Retreat Mode exists for specific operational situations where vCLS needs to be temporarily removed from a cluster. It can be useful, but it is also easy to turn a short-lived exception into quiet platform drift. The goal is not simply to disable vCLS. The goal is to understand what you are suspending, why you are suspending it, what cluster behavior changes while it is disabled, and how you will exit cleanly.

Broadcom KB316514 documents the supported Retreat Mode procedure for disabling vCLS on a cluster. It also makes the version split clear: on vSphere versions prior to 9.0, disabling vCLS impacts cluster services; starting with vSphere 9.0, Broadcom states that vCLS can be disabled without impacting vSphere DRS, vSphere HA, or cluster services.

TL;DR

vCLS, or vSphere Cluster Services, provides a cluster-service framework used to help maintain cluster service availability, including services such as vSphere DRS and vSphere HA. Broadcom’s vCLS guidance states that vCLS was introduced in vSphere 7.0 Update 1 and that DRS depends on vCLS health starting with that release.

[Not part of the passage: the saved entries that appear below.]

(* Let $A=(a_{n,k})$ be as described in the context. If $A$ satisfies the $MHBVS$ condition, then \[ \left|\sum_{k=0}^n a_{n,k}D_k(t)\right|=O\!\left(t^{-1}\,\overline{A}_{n,n-2\tau}\right), \] and if $A$ satisfies the $MRBVS$ condition, then \[ \left|\sum_{k=0}^n a_{n,k}D_k(t)\right|=O\!\left(t^{-1}A_{n,\tau}\right), \] for all $n=2,3,\dots$ and all $\frac{2\pi}{n}\le t\le\pi$, where $\tau=[\pi/t]$ (integer part), with $O$-constants independent of $n$ and $t$.
   Context: $A=(a_{n,k})$ is an infinite lower triangular real matrix with $a_{n,k}\ge0$ for $0\le k\le n$, $a_{n,k}=0$ for $k>n$, and $\sum_{k=0}^n a_{n,k}=1$ for every $n$. For $0\le m\le n$, $A_{n,m}=\sum_{k=0}^m a_{n,k}$ and $\overline A_{n,m}=\sum_{k=m}^n a_{n,k}$. $D_k(t)=\frac12+\sum_{\nu=1}^k\cos\nu t$ is the Dirichlet kernel. "$A$ satisfies the $MRBVS$ condition" means: there is a constant $K$ such that for all $n$ and all $0\le m<n$, $\sum_{k=m}^{n-1}|a_{n,k}-a_{n,k+1}|\le K\frac{1}{m+1}\sum_{m/2\le k\le m}a_{n,k}$. "$A$ satisfies the $MHBVS$ condition" means: there is a constant $K$ such that for all $n$ and all $0\le m<n$, $\sum_{k=0}^{n-m-1}|a_{n,k}-a_{n,k+1}|\le K\frac1{m+1}\sum_{k=n-m}^{n}a_{n,k}$. *)

theory Defs
  imports Complex_Main
begin

definition admissible_matrix :: "(nat \<Rightarrow> nat \<Rightarrow> real) \<Rightarrow> bool" where
  "admissible_matrix a \<longleftrightarrow>
     (\<forall>n k. k \<le> n \<longrightarrow> 0 \<le> a n k) \<and>
     (\<forall>n k. n < k \<longrightarrow> a n k = 0) \<and>
     (\<forall>n. (\<Sum>k=0..n. a n k) = 1)"
(* For any $c\in\mathbb{R}$ and any $\lambda\in\mathbb{Z}\setminus\{0,1\}$, the equation $$\mu(u_t)-u_{txx}+\lambda\mu(u)u_x=\lambda u_xu_{xx}+uu_{xxx}$$ admits the peaked period-one traveling-wave solution $u(t,x)=\varphi(x-ct)$, where $$\varphi(x)=\frac{c}{26}\big(12x^2+23\big)\quad\text{for }x\in[-\tfrac12,\tfrac12],$$ and $\varphi$ is extended periodically (with period $1$) to the real line.
   Context: Here $u(t,\cdot)$ is a $1$-periodic function on $\mathbb{R}$ (a function on $S^1=\mathbb{R}/\mathbb{Z}$) and $\mu(u)=\int_0^1u\,dx$. Since $\varphi$ is not smooth at $x\equiv\frac12\pmod 1$, the solution is understood in the weak sense, i.e. as a distributional solution of $u_t+uu_x+\Lambda_\mu^{-2}\partial_x\big(\lambda\mu(u)u+\frac{3-\lambda}{2}u_x^2\big)=0$, where $\Lambda_\mu^{-2}$ is the inverse of $\Lambda_\mu^2v=\mu(v)-v_{xx}$. *)

theory Defs
  imports "HOL-Analysis.Analysis"
begin

definition mu :: "(real \<Rightarrow> real) \<Rightarrow> real" where
  "mu f = integral {0..1} f"

definition periodic1 :: "(real \<Rightarrow> real) \<Rightarrow> bool" where
  "periodic1 f \<longleftrightarrow> (\<forall>x. f (x + 1) = f x)"

definition smooth1 :: "(real \<Rightarrow> real) \<Rightarrow> bool" where
  "smooth1 f \<longleftrightarrow> (\<forall>n x. ((deriv ^^ n) f) differentiable (at x))"

text \<open>C^k functions of two real variables (t,x); partial derivatives taken
  from the Frechet derivative in directions (1,0) and (0,1).\<close>
fun Ck2 :: "nat \<Rightarrow> (real \<times> real \<Rightarrow> real) \<Rightarrow> bool" where
  "Ck2 0 f = continuous_on UNIV f"
| "Ck2 (Suc n) f = ((\<forall>p. f differentiable (at p))
      \<and> Ck2 n (\<lambda>p. frechet_derivative f (at p) (1, 0))
      \<and> Ck2 n (\<lambda>p. frechet_derivative f (at p) (0, 1)))"

definition smooth2 :: "(real \<times> real \<Rightarrow> real) \<Rightarrow> bool" where
  "smooth2 f \<longleftrightarrow> (\<forall>n. Ck2 n f)"

definition test_fun2 :: "(real \<times> real \<Rightarrow> real) \<Rightarrow> bool" where
  "test_fun2 \<psi> \<longleftrightarrow> smooth2 \<psi> \<and> bounded {p. \<psi> p \<noteq> 0}"

text \<open>w is (a representative of) Lambda_mu^{-2} d/dx F, in the distributional sense on
  the circle: w is 1-periodic and, for every smooth 1-periodic psi,
  int_0^1 w (mu(psi) - psi'') dx = - int_0^1 F psi' dx,
  i.e. Lambda_mu^2 w = d/dx F as periodic distributions (Lambda_mu^2 is symmetric
  and invertible on periodic distributions, so this determines w a.e.).\<close>
definition is_Lambda_inv_dx :: "(real \<Rightarrow> real) \<Rightarrow> (real \<Rightarrow> real) \<Rightarrow> bool" where
  "is_Lambda_inv_dx F w \<longleftrightarrow> periodic1 w \<and>
     (\<forall>\<psi>. smooth1 \<psi> \<and> periodic1 \<psi> \<longrightarrow>
        (\<lambda>x. w x * (mu \<psi> - deriv (deriv \<psi>) x)) integrable_on {0..1} \<and>
        (\<lambda>x. F x * deriv \<psi> x) integrable_on {0..1} \<and>
        integral {0..1} (\<lambda>x. w x * (mu \<psi> - deriv (deriv \<psi>) x))
          = - integral {0..1} (\<lambda>x. F x * deriv \<psi> x))"

text \<open>Weak (distributional) solution u(t,x) of
  u_t + u u_x + Lambda_mu^{-2} d/dx (lam mu(u) u + (3-lam)/2 u_x^2) = 0
  on R x S^1.  ux is the weak x-derivative of u (u(t,.) absolutely continuous),
  w(t,.) = Lambda_mu^{-2} d/dx F(t,.), and the equation holds against all
  smooth compactly supported test functions on R x R.\<close>
definition weak_solution :: "real \<Rightarrow> (real \<Rightarrow> real \<Rightarrow> real) \<Rightarrow> bool" where
  "weak_solution lam u \<longleftrightarrow>
     continuous_on UNIV (\<lambda>p. u (fst p) (snd p)) \<and>
     (\<forall>t. periodic1 (u t)) \<and>
     (\<exists>ux w.
        (\<forall>t a b. a \<le> b \<longrightarrow> ((ux t) has_integral (u t b - u t a)) {a..b}) \<and>
        (\<forall>t. is_Lambda_inv_dx
               (\<lambda>x. lam * mu (u t) * u t x + (3 - lam) / 2 * (ux t x)\<^sup>2) (w t)) \<and>
        (\<forall>\<psi>. test_fun2 \<psi> \<longrightarrow>
           ((\<lambda>p. u (fst p) (snd p) * frechet_derivative \<psi> (at p) (1, 0)
                 + (u (fst p) (snd p))\<^sup>2 / 2 * frechet_derivative \<psi> (at p) (0, 1)
                 - w (fst p) (snd p) * \<psi> p) has_integral 0) UNIV))"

Use Retreat Mode when a supported VMware/Broadcom procedure requires it, such as a cluster operation blocked by active vCLS VMs, a vCLS cleanup workflow, or a support-directed remediation. Do not use it as a casual way to remove system VMs.

For vSphere 7.x and 8.x, Retreat Mode is disruptive to cluster service behavior. DRS will not function on the cluster, HA may power on VMs on less optimal hosts during failure recovery because it depends on DRS placement recommendations, and vSAN clusters may show Cluster Service health as degraded.

For vSphere 9.0 and later, the operating model changes. Broadcom states that vCenter 9.0 deprecates vCLS, recommends switching vCLS to Retreat Mode to avoid redundant resource usage, and says deactivation does not impact DRS or HA services for vCenter 9.0 and above.

The operational rule is simple: Retreat Mode must have an owner, a reason, a validation plan, and an exit condition.

The Mental Model: vCLS Is Cluster Plumbing, Not Workload Inventory

The easiest mistake is to look at vCLS VMs and think, “These are small system VMs; we can just remove them.”

That view misses the control-plane relationship.

Broadcom describes vCLS as a feature that ensures cluster services such as vSphere DRS and vSphere HA are available to maintain workload resource health in clusters. It also notes that users are not expected to maintain the lifecycle or state of the vCLS agent VMs and should not perform operations on them unless guided by VMware support or supported documentation.

Think of vCLS as part of the cluster-service scaffolding.

It is not a business application.It is not a template.It is not a forgotten VM.It is a managed system component.

The following diagram is the mental model I use when explaining Retreat Mode during operations planning.

What matters in this diagram is the dependency boundary. Retreat Mode does not just remove a VM object. It changes the cluster’s service state. In vSphere 7.x and 8.x, that has direct operational consequences. In vSphere 9.x, Broadcom has changed the dependency model, so the risk profile is different.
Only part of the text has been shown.